── Records shown

text \<open>Where \<open>(w p / 2) sgn s |s|^(p-1)\<close> has slope at least \<open>r = c \<rho> / 4\<close> on \<open>[-2, 2]\<close>, the
  residual \<open>t - S t\<close>, i.e. this function evaluated at \<open>S t\<close>, has slope at least \<open>r / (1 + r)\<close>.\<close>

lemma Scp_residual_slope:
  assumes c: "0 < c" "c \<le> w" and p: "0 < \<rho>" "\<rho> \<le> p - 1" "p \<le> 2"
    and xy: "\<bar>x\<bar> \<le> 2" "\<bar>y\<bar> \<le> 2" "y \<le> x"
  shows "c * \<rho> / (4 + c * \<rho>) * (x - y) \<le> (x - Scp w p x) - (y - Scp w p y)"
proof -
  have w: "0 \<le> w" "1 < p" "1 \<le> p"
    using c p by auto
  define s t where "s = Scp w p x" and "t = Scp w p y"
  have st: "t \<le> s" "\<bar>s\<bar> \<le> 2" "\<bar>t\<bar> \<le> 2"
    unfolding s_def t_def using Scp_mono[OF w(1,3) xy(3)] abs_Scp_le[OF w(1,3)] xy
    by (auto intro: order_trans)
  have "w * 1 \<le> w * p"
    using w by (intro mult_left_mono) auto
  then have "c \<le> w * p"
    using c by linarith
  have "c * \<rho> * (s - t) / 4 = c / 2 * (\<rho> / 2 * (s - t))"
    by simp
  also have "\<dots> \<le> w * p / 2 * ((p - 1) / 2 * (s - t))"
    using \<open>c \<le> w * p\<close> c p st by (intro mult_mono mult_right_mono) auto
  also have "\<dots> \<le> w * p / 2 * (sgn s * \<bar>s\<bar> powr (p - 1) - sgn t * \<bar>t\<bar> powr (p - 1))"
    using w p st by (intro mult_left_mono sgn_mult_abs_powr_increment_lower_bound) auto
  also have "\<dots> = (x - s) - (y - t)"
    unfolding s_def t_def Scp_residual[OF w(1,2)] by (simp add: right_diff_distrib)
  finally have "c * \<rho> * (s - t) / 4 \<le> (x - s) - (y - t)" .
  then have "c * \<rho> * (x - y) \<le> ((x - s) - (y - t)) * (4 + c * \<rho>)"
    by (simp add: field_simps)
  moreover have "0 < 4 + c * \<rho>"
    using c p by (simp add: add_pos_pos)
  ultimately have "c * \<rho> * (x - y) / (4 + c * \<rho>) \<le> (x - s) - (y - t)"
    by (simp add: pos_divide_le_eq)
  then show ?thesis
    unfolding s_def t_def by simp
qed

lemma abs_increment_lower_bound_if_slope:
  fixes G :: "real \<Rightarrow> real"
  assumes mono: "\<And>x y. x \<le> y \<Longrightarrow> G x \<le> G y"
    and slope: "\<And>x y. \<bar>x\<bar> \<le> 2 \<Longrightarrow> \<bar>y\<bar> \<le> 2 \<Longrightarrow> y \<le> x \<Longrightarrow> \<kappa> * (x - y) \<le> G x - G y"
    and "\<bar>\<alpha>\<bar> \<le> 1" "0 \<le> \<kappa>"
  shows "\<kappa> * min \<bar>\<nu>\<bar> 1 \<le> \<bar>G (\<alpha> + \<nu>) - G \<alpha>\<bar>"
proof (cases "0 \<le> \<nu>")
  case True
  have "\<kappa> * min \<bar>\<nu>\<bar> 1 \<le> G (\<alpha> + min \<nu> 1) - G \<alpha>"
    using slope[of "\<alpha> + min \<nu> 1" \<alpha>] assms(3) True by auto
  also have "\<dots> \<le> G (\<alpha> + \<nu>) - G \<alpha>"
    using mono[of "\<alpha> + min \<nu> 1" "\<alpha> + \<nu>"] by simp
  finally show ?thesis
    by simp
next
  case False
  have "\<kappa> * min \<bar>\<nu>\<bar> 1 \<le> G \<alpha> - G (\<alpha> + max \<nu> (- 1))"
    using slope[of \<alpha> "\<alpha> + max \<nu> (- 1)"] assms(3) False by (auto simp: min_def max_def)
  also have "\<dots> \<le> G \<alpha> - G (\<alpha> + \<nu>)"
    using mono[of "\<alpha> + \<nu>" "\<alpha> + max \<nu> (- 1)"] by simp
  finally show ?thesis
    by simp
qed

lemma soft_threshold_residual_lower_bound:
  assumes "0 < c" "c \<le> w" "\<bar>\<alpha>\<bar> \<le> c / 4"
  shows "min \<bar>\<nu>\<bar> (c / 4) \<le> \<bar>Scp w 1 (\<alpha> + \<nu>) - Scp w 1 \<alpha> - \<nu>\<bar>"
proof -
  have S\<alpha>: "Scp w 1 \<alpha> = 0"
    using assms by (auto simp: Scp_def)
  show ?thesis
  proof (cases "\<bar>\<alpha> + \<nu>\<bar> \<le> w / 2")
    case True
    then have "Scp w 1 (\<alpha> + \<nu>) = 0"
      by (auto simp: Scp_def abs_if split: if_splits)
    then show ?thesis
      using S\<alpha> by simp
  next
    case False
    then have "c / 4 \<le> \<bar>Scp w 1 (\<alpha> + \<nu>) - Scp w 1 \<alpha> - \<nu>\<bar>"
      using S\<alpha> assms by (auto simp: Scp_def abs_if split: if_splits)
    then show ?thesis
      by linarith
  qed
qed

lemma Scp_residual_lower_bound:
  assumes c: "0 < c" "c \<le> w" and p: "1 \<le> p" "p \<le> 2" "0 < \<rho>" "p = 1 \<or> \<rho> \<le> p - 1"
    and \<alpha>: "\<bar>\<alpha>\<bar> \<le> min (c / 4) 1"
  shows "min (c * \<rho> / (4 + c * \<rho>) * \<bar>\<nu>\<bar>) (min (c * \<rho> / (4 + c * \<rho>)) (c / 4))
    \<le> \<bar>Scp w p (\<alpha> + \<nu>) - Scp w p \<alpha> - \<nu>\<bar>"
proof -
  define \<kappa> where "\<kappa> = c * \<rho> / (4 + c * \<rho>)"
  have "0 < c * \<rho>"
    using c p by simp
  then have \<kappa>: "0 < \<kappa>" "\<kappa> < 1"
    unfolding \<kappa>_def by (simp_all add: divide_less_eq)
  have "min (\<kappa> * \<bar>\<nu>\<bar>) (min \<kappa> (c / 4)) \<le> \<bar>Scp w p (\<alpha> + \<nu>) - Scp w p \<alpha> - \<nu>\<bar>"
  proof (cases "p = 1")
    case True
    then show ?thesis
      using soft_threshold_residual_lower_bound[OF c, of \<alpha> \<nu>] \<alpha> \<kappa> mult_left_le_one_le[of "\<bar>\<nu>\<bar>" \<kappa>]
      by auto
  next
    case False
    then have p': "1 < p" "\<rho> \<le> p - 1"
      using p by auto
    have "\<kappa> * min \<bar>\<nu>\<bar> 1 \<le> \<bar>(\<alpha> + \<nu> - Scp w p (\<alpha> + \<nu>)) - (\<alpha> - Scp w p \<alpha>)\<bar>"
      unfolding \<kappa>_def
    proof (rule abs_increment_lower_bound_if_slope)
      show "x - Scp w p x \<le> y - Scp w p y" if "x \<le> y" for x y
        using Scp_residual_mono[OF _ p(1) that] c by simp
      show "c * \<rho> / (4 + c * \<rho>) * (x - y) \<le> (x - Scp w p x) - (y - Scp w p y)"
        if "\<bar>x\<bar> \<le> 2" "\<bar>y\<bar> \<le> 2" "y \<le> x" for x y
        using Scp_residual_slope[OF c p(3) p'(2) p(2) that] .
    qed (use \<alpha> \<kappa> \<kappa>_def in auto)
    moreover have "(\<alpha> + \<nu> - Scp w p (\<alpha> + \<nu>)) - (\<alpha> - Scp w p \<alpha>) = - (Scp w p (\<alpha> + \<nu>) - Scp w p \<alpha> - \<nu>)"
      by simp
    moreover have "\<kappa> * min \<bar>\<nu>\<bar> 1 = min (\<kappa> * \<bar>\<nu>\<bar>) \<kappa>"
      using \<kappa> by (simp add: min_mult_distrib_left)
    ultimately show ?thesis
      by (auto simp only: abs_minus_cancel min_le_iff_disj)
  qed
  then show ?thesis
    unfolding \<kappa>_def .
qed

section \<open>Firmly nonexpansive maps and the operator \<open>SWP\<close>\<close>

definition firmly_nonexpansive :: "('a::real_inner \<Rightarrow> 'a) \<Rightarrow> bool" where
  "firmly_nonexpansive N \<longleftrightarrow> (\<forall>a b. (norm (N a - N b))\<^sup>2 \<le> inner (N a - N b) (a - b))"

lemma firmly_nonexpansiveD:
  "firmly_nonexpansive N \<Longrightarrow> (norm (N a - N b))\<^sup>2 \<le> inner (N a - N b) (a - b)"
  unfolding firmly_nonexpansive_def by blast

lemma firmly_nonexpansive_norm_sq:
  assumes "firmly_nonexpansive N"
  shows "(norm (N a - N b))\<^sup>2 + (norm ((N a - N b) - (a - b)))\<^sup>2 \<le> (norm (a - b))\<^sup>2"
  using firmly_nonexpansiveD[OF assms, of a b]
  by (simp add: power2_norm_eq_inner inner_diff_left inner_diff_right inner_commute)

lemma firmly_nonexpansive_imp_nonexpansive:
  assumes "firmly_nonexpansive N"
  shows "norm (N a - N b) \<le> norm (a - b)"
proof (rule power2_le_imp_le)
  show "(norm (N a - N b))\<^sup>2 \<le> (norm (a - b))\<^sup>2"
    using firmly_nonexpansive_norm_sq[OF assms, of a b] zero_le_power2[of "norm ((N a - N b) - (a - b))"]
    by linarith
qed simp

lemma SWP_coefficient:
  fixes \<phi> :: "'i \<Rightarrow> 'a::{real_inner, complete_space}"
  assumes onb: "orthonormal_basis \<phi>" and w: "\<And>\<gamma>. 0 \<le> w \<gamma>" and p: "\<And>\<gamma>. 1 \<le> p \<gamma>"
  shows "inner (SWP \<phi> w p h) (\<phi> \<delta>) = Scp (w \<delta>) (p \<delta>) (inner h (\<phi> \<delta>))"
proof -
  define d where "d \<gamma> = Scp (w \<gamma>) (p \<gamma>) (inner h (\<phi> \<gamma>))" for \<gamma>
  have "(d \<gamma>)\<^sup>2 \<le> (inner h (\<phi> \<gamma>))\<^sup>2" for \<gamma>
    unfolding d_def using abs_Scp_le[OF w p] by (simp add: abs_le_square_iff)
  then have "(\<lambda>\<gamma>. (d \<gamma>)\<^sup>2) summable_on UNIV"
    by (intro summable_on_comparison_test[OF summable_on_orthonormal_coefficients_sq[OF onb]]) auto
  then have "(\<lambda>\<gamma>. d \<gamma> *\<^sub>R \<phi> \<gamma>) summable_on UNIV"
    by (rule summable_on_orthonormal_series[OF onb])
  then have "((\<lambda>\<gamma>. d \<gamma> *\<^sub>R \<phi> \<gamma>) has_sum SWP \<phi> w p h) UNIV"
    unfolding SWP_def d_def[symmetric] by (rule has_sum_infsum)
  then show ?thesis
    unfolding d_def by (rule inner_orthonormal_series[OF onb])
qed

lemma firmly_nonexpansive_SWP:
  fixes \<phi> :: "'i \<Rightarrow> 'a::{real_inner, complete_space}"
  assumes onb: "orthonormal_basis \<phi>" and w: "\<And>\<gamma>. 0 \<le> w \<gamma>" and p: "\<And>\<gamma>. 1 \<le> p \<gamma>"
  shows "firmly_nonexpansive (SWP \<phi> w p)"
  unfolding firmly_nonexpansive_def
proof (intro allI)
  fix a b :: 'a
  let ?X = "SWP \<phi> w p a - SWP \<phi> w p b"
  show "(norm ?X)\<^sup>2 \<le> inner ?X (a - b)"
  proof (rule has_sum_mono[OF parseval[OF onb] parseval_inner[OF onb]])
    show "(inner ?X (\<phi> \<gamma>))\<^sup>2 \<le> inner ?X (\<phi> \<gamma>) * inner (a - b) (\<phi> \<gamma>)" for \<gamma>
      using Scp_firmly_nonexpansive[OF w p]
      by (simp add: inner_diff_left SWP_coefficient[OF onb w p])
  qed
qed

lemma norm_sq_le_by_SWP_residual:
  fixes \<phi> :: "'i \<Rightarrow> 'a::{real_inner, complete_space}"
  assumes onb: "orthonormal_basis \<phi>" and c: "0 < c" "\<And>\<gamma>. c \<le> w \<gamma>"
    and p: "\<And>\<gamma>. 1 \<le> p \<gamma>" "\<And>\<gamma>. p \<gamma> \<le> 2" "0 < \<rho>" "\<And>\<gamma>. p \<gamma> = 1 \<or> \<rho> \<le> p \<gamma> - 1"
    and small: "norm (SWP \<phi> w p (a + v) - SWP \<phi> w p a - v) < min (c * \<rho> / (4 + c * \<rho>)) (c / 4)"
  shows "(norm v)\<^sup>2 \<le> (norm (SWP \<phi> w p (a + v) - SWP \<phi> w p a - v))\<^sup>2 / (c * \<rho> / (4 + c * \<rho>))\<^sup>2
    + (\<Sum>\<gamma>\<in>{\<gamma>. min (c / 4) 1 < \<bar>inner a (\<phi> \<gamma>)\<bar>}. (inner v (\<phi> \<gamma>))\<^sup>2)"
proof (rule norm_sq_le_by_coefficients[OF onb])
  show "finite {\<gamma>. min (c / 4) 1 < \<bar>inner a (\<phi> \<gamma>)\<bar>}"
    using c by (intro finite_large_orthonormal_coefficients[OF onb]) simp
  show "0 < c * \<rho> / (4 + c * \<rho>)"
    using c p by (simp add: add_pos_pos)
  fix \<gamma> assume "\<gamma> \<notin> {\<gamma>. min (c / 4) 1 < \<bar>inner a (\<phi> \<gamma>)\<bar>}"
  define D where "D = SWP \<phi> w p (a + v) - SWP \<phi> w p a - v"
  have w: "0 \<le> w \<gamma>" for \<gamma>
    using c(1) c(2)[of \<gamma>] by linarith
  have D\<gamma>: "inner D (\<phi> \<gamma>) = Scp (w \<gamma>) (p \<gamma>) (inner a (\<phi> \<gamma>) + inner v (\<phi> \<gamma>))
      - Scp (w \<gamma>) (p \<gamma>) (inner a (\<phi> \<gamma>)) - inner v (\<phi> \<gamma>)"
    unfolding D_def by (simp add: inner_diff_left inner_add_left SWP_coefficient[OF onb w p(1)])
  have "min (c * \<rho> / (4 + c * \<rho>) * \<bar>inner v (\<phi> \<gamma>)\<bar>) (min (c * \<rho> / (4 + c * \<rho>)) (c / 4))
      \<le> \<bar>inner D (\<phi> \<gamma>)\<bar>"
    unfolding D\<gamma> using \<open>\<gamma> \<notin> _\<close> c p by (intro Scp_residual_lower_bound) auto
  moreover have "\<bar>inner D (\<phi> \<gamma>)\<bar> < min (c * \<rho> / (4 + c * \<rho>)) (c / 4)"
    using abs_inner_orthonormal_le[OF onb, of D \<gamma>] small unfolding D_def by linarith
  ultimately show "c * \<rho> / (4 + c * \<rho>) * \<bar>inner v (\<phi> \<gamma>)\<bar> \<le> \<bar>inner D (\<phi> \<gamma>)\<bar>"
    by linarith
qed

lemma SWP_residual_tendsto_zero_imp_norm_tendsto_zero:
  fixes \<phi> :: "'i \<Rightarrow> 'a::{real_inner, complete_space}"
  assumes onb: "orthonormal_basis \<phi>" and c: "0 < c" "\<And>\<gamma>. c \<le> w \<gamma>"
    and p: "\<And>\<gamma>. 1 \<le> p \<gamma>" "\<And>\<gamma>. p \<gamma> \<le> 2" "0 < \<rho>" "\<And>\<gamma>. p \<gamma> = 1 \<or> \<rho> \<le> p \<gamma> - 1"
    and weak: "weakly_converges v 0"
    and residual: "(\<lambda>k. norm (SWP \<phi> w p (a + v k) - SWP \<phi> w p a - v k)) \<longlonglongrightarrow> 0"
  shows "(\<lambda>k. norm (v k)) \<longlonglongrightarrow> 0"
proof -
  define \<kappa> where "\<kappa> = c * \<rho> / (4 + c * \<rho>)"
  have \<kappa>: "0 < \<kappa>"
    unfolding \<kappa>_def using c p by (simp add: add_pos_pos)
  define \<Gamma> where "\<Gamma> = {\<gamma>. min (c / 4) 1 < \<bar>inner a (\<phi> \<gamma>)\<bar>}"
  define D where "D k = SWP \<phi> w p (a + v k) - SWP \<phi> w p a - v k" for k
  have "eventually (\<lambda>k. norm (D k) < min \<kappa> (c / 4)) sequentially"
    using residual \<kappa> c unfolding D_def by (intro order_tendstoD(2)) auto
  then have "eventually (\<lambda>k. norm ((norm (v k))\<^sup>2) \<le> (norm (D k))\<^sup>2 / \<kappa>\<^sup>2 + (\<Sum>\<gamma>\<in>\<Gamma>. (inner (v k) (\<phi> \<gamma>))\<^sup>2))
      sequentially"
    unfolding \<kappa>_def \<Gamma>_def D_def
    by (rule eventually_mono) (simp add: norm_sq_le_by_SWP_residual[OF onb c p])
  moreover have "(\<lambda>k. (norm (D k))\<^sup>2 / \<kappa>\<^sup>2 + (\<Sum>\<gamma>\<in>\<Gamma>. (inner (v k) (\<phi> \<gamma>))\<^sup>2)) \<longlonglongrightarrow>
      0\<^sup>2 / \<kappa>\<^sup>2 + (\<Sum>\<gamma>\<in>\<Gamma>. 0\<^sup>2)"
  proof (intro tendsto_intros)
    show "(\<lambda>k. norm (D k)) \<longlonglongrightarrow> 0"
      using residual unfolding D_def .
    show "(\<lambda>k. inner (v k) (\<phi> \<gamma>)) \<longlonglongrightarrow> 0" for \<gamma>
      using weak unfolding weakly_converges_def by simp
  qed (use \<kappa> in simp)
  then have "(\<lambda>k. (norm (D k))\<^sup>2 / \<kappa>\<^sup>2 + (\<Sum>\<gamma>\<in>\<Gamma>. (inner (v k) (\<phi> \<gamma>))\<^sup>2)) \<longlonglongrightarrow> 0"
    by simp
  ultimately have "(\<lambda>k. (norm (v k))\<^sup>2) \<longlonglongrightarrow> 0"
    by (rule Lim_null_comparison)
  then have "(\<lambda>k. sqrt ((norm (v k))\<^sup>2)) \<longlonglongrightarrow> sqrt 0"
    by (rule tendsto_real_sqrt)
  then show ?thesis
    by simp
qed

────

From the listing above, return the lines starting at the one with "proof (rule abs_increment_lower_bound_if_slope)" and ending at the one with "ultimately show ?thesis", both kept, exactly as they appear and nothing more.

    proof (rule abs_increment_lower_bound_if_slope)
      show "x - Scp w p x \<le> y - Scp w p y" if "x \<le> y" for x y
        using Scp_residual_mono[OF _ p(1) that] c by simp
      show "c * \<rho> / (4 + c * \<rho>) * (x - y) \<le> (x - Scp w p x) - (y - Scp w p y)"
        if "\<bar>x\<bar> \<le> 2" "\<bar>y\<bar> \<le> 2" "y \<le> x" for x y
        using Scp_residual_slope[OF c p(3) p'(2) p(2) that] .
    qed (use \<alpha> \<kappa> \<kappa>_def in auto)
    moreover have "(\<alpha> + \<nu> - Scp w p (\<alpha> + \<nu>)) - (\<alpha> - Scp w p \<alpha>) = - (Scp w p (\<alpha> + \<nu>) - Scp w p \<alpha> - \<nu>)"
      by simp
    moreover have "\<kappa> * min \<bar>\<nu>\<bar> 1 = min (\<kappa> * \<bar>\<nu>\<bar>) \<kappa>"
      using \<kappa> by (simp add: min_mult_distrib_left)
    ultimately show ?thesis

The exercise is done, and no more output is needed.